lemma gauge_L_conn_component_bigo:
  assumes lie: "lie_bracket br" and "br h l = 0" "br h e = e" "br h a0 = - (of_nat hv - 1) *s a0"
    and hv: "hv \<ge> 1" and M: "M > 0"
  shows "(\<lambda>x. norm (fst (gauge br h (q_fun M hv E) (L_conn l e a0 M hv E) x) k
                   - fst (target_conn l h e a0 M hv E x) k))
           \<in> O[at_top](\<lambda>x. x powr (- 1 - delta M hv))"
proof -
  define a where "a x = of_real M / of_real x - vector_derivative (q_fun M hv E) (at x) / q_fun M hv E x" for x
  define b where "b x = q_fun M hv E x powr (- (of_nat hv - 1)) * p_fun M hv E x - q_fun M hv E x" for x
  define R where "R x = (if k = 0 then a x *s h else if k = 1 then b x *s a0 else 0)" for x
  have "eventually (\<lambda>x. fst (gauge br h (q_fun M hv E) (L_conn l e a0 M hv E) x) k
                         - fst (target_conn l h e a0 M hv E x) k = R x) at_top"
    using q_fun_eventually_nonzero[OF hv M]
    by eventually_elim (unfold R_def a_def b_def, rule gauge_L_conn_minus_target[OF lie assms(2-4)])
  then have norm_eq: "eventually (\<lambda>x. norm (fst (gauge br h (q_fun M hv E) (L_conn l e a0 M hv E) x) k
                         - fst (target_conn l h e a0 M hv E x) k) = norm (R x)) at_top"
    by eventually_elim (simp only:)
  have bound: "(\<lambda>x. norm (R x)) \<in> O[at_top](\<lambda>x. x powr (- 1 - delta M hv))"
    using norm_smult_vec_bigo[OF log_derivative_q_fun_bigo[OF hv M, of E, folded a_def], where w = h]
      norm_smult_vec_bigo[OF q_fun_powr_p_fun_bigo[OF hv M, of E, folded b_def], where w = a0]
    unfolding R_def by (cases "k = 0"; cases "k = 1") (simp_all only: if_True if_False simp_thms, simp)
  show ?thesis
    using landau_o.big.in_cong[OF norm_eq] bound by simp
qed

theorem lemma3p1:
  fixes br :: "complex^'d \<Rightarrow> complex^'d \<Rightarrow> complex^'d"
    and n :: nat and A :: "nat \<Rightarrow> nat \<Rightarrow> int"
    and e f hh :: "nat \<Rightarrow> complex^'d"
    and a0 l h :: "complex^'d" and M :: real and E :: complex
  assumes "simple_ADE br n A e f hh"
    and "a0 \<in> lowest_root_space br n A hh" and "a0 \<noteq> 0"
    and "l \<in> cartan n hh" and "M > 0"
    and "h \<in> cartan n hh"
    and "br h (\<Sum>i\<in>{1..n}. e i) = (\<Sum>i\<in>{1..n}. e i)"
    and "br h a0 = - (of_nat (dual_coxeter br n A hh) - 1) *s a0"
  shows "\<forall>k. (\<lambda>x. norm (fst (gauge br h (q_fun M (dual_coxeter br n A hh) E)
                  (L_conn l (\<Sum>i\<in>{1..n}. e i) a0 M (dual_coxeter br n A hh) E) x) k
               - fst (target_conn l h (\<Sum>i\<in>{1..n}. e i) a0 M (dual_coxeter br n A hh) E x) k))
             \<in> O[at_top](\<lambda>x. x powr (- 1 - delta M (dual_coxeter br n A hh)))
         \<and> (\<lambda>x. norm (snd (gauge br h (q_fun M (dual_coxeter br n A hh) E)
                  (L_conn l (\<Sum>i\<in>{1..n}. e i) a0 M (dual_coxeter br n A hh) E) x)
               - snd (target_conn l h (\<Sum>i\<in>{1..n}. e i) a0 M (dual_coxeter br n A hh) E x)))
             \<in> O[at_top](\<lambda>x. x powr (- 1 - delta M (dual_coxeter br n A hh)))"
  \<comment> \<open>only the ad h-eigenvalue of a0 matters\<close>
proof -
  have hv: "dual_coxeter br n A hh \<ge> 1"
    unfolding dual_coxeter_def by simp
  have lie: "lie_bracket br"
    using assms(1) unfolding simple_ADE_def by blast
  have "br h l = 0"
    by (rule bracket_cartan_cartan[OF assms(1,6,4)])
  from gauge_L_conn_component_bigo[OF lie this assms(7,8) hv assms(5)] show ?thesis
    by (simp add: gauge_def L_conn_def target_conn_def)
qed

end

* * *

# [TASK OBJECTIVE]
Emit the full listing verbatim.

# [RESULT FOR THIS TASK]
lemma gauge_L_conn_component_bigo:
  assumes lie: "lie_bracket br" and "br h l = 0" "br h e = e" "br h a0 = - (of_nat hv - 1) *s a0"
    and hv: "hv \<ge> 1" and M: "M > 0"
  shows "(\<lambda>x. norm (fst (gauge br h (q_fun M hv E) (L_conn l e a0 M hv E) x) k
                   - fst (target_conn l h e a0 M hv E x) k))
           \<in> O[at_top](\<lambda>x. x powr (- 1 - delta M hv))"
proof -
  define a where "a x = of_real M / of_real x - vector_derivative (q_fun M hv E) (at x) / q_fun M hv E x" for x
  define b where "b x = q_fun M hv E x powr (- (of_nat hv - 1)) * p_fun M hv E x - q_fun M hv E x" for x
  define R where "R x = (if k = 0 then a x *s h else if k = 1 then b x *s a0 else 0)" for x
  have "eventually (\<lambda>x. fst (gauge br h (q_fun M hv E) (L_conn l e a0 M hv E) x) k
                         - fst (target_conn l h e a0 M hv E x) k = R x) at_top"
    using q_fun_eventually_nonzero[OF hv M]
    by eventually_elim (unfold R_def a_def b_def, rule gauge_L_conn_minus_target[OF lie assms(2-4)])
  then have norm_eq: "eventually (\<lambda>x. norm (fst (gauge br h (q_fun M hv E) (L_conn l e a0 M hv E) x) k
                         - fst (target_conn l h e a0 M hv E x) k) = norm (R x)) at_top"
    by eventually_elim (simp only:)
  have bound: "(\<lambda>x. norm (R x)) \<in> O[at_top](\<lambda>x. x powr (- 1 - delta M hv))"
    using norm_smult_vec_bigo[OF log_derivative_q_fun_bigo[OF hv M, of E, folded a_def], where w = h]
      norm_smult_vec_bigo[OF q_fun_powr_p_fun_bigo[OF hv M, of E, folded b_def], where w = a0]
    unfolding R_def by (cases "k = 0"; cases "k = 1") (simp_all only: if_True if_False simp_thms, simp)
  show ?thesis
    using landau_o.big.in_cong[OF norm_eq] bound by simp
qed

theorem lemma3p1:
  fixes br :: "complex^'d \<Rightarrow> complex^'d \<Rightarrow> complex^'d"
    and n :: nat and A :: "nat \<Rightarrow> nat \<Rightarrow> int"
    and e f hh :: "nat \<Rightarrow> complex^'d"
    and a0 l h :: "complex^'d" and M :: real and E :: complex
  assumes "simple_ADE br n A e f hh"
    and "a0 \<in> lowest_root_space br n A hh" and "a0 \<noteq> 0"
    and "l \<in> cartan n hh" and "M > 0"
    and "h \<in> cartan n hh"
    and "br h (\<Sum>i\<in>{1..n}. e i) = (\<Sum>i\<in>{1..n}. e i)"
    and "br h a0 = - (of_nat (dual_coxeter br n A hh) - 1) *s a0"
  shows "\<forall>k. (\<lambda>x. norm (fst (gauge br h (q_fun M (dual_coxeter br n A hh) E)
                  (L_conn l (\<Sum>i\<in>{1..n}. e i) a0 M (dual_coxeter br n A hh) E) x) k
               - fst (target_conn l h (\<Sum>i\<in>{1..n}. e i) a0 M (dual_coxeter br n A hh) E x) k))
             \<in> O[at_top](\<lambda>x. x powr (- 1 - delta M (dual_coxeter br n A hh)))
         \<and> (\<lambda>x. norm (snd (gauge br h (q_fun M (dual_coxeter br n A hh) E)
                  (L_conn l (\<Sum>i\<in>{1..n}. e i) a0 M (dual_coxeter br n A hh) E) x)
               - snd (target_conn l h (\<Sum>i\<in>{1..n}. e i) a0 M (dual_coxeter br n A hh) E x)))
             \<in> O[at_top](\<lambda>x. x powr (- 1 - delta M (dual_coxeter br n A hh)))"
  \<comment> \<open>only the ad h-eigenvalue of a0 matters\<close>
proof -
  have hv: "dual_coxeter br n A hh \<ge> 1"
    unfolding dual_coxeter_def by simp
  have lie: "lie_bracket br"
    using assms(1) unfolding simple_ADE_def by blast
  have "br h l = 0"
    by (rule bracket_cartan_cartan[OF assms(1,6,4)])
  from gauge_L_conn_component_bigo[OF lie this assms(7,8) hv assms(5)] show ?thesis
    by (simp add: gauge_def L_conn_def target_conn_def)
qed

end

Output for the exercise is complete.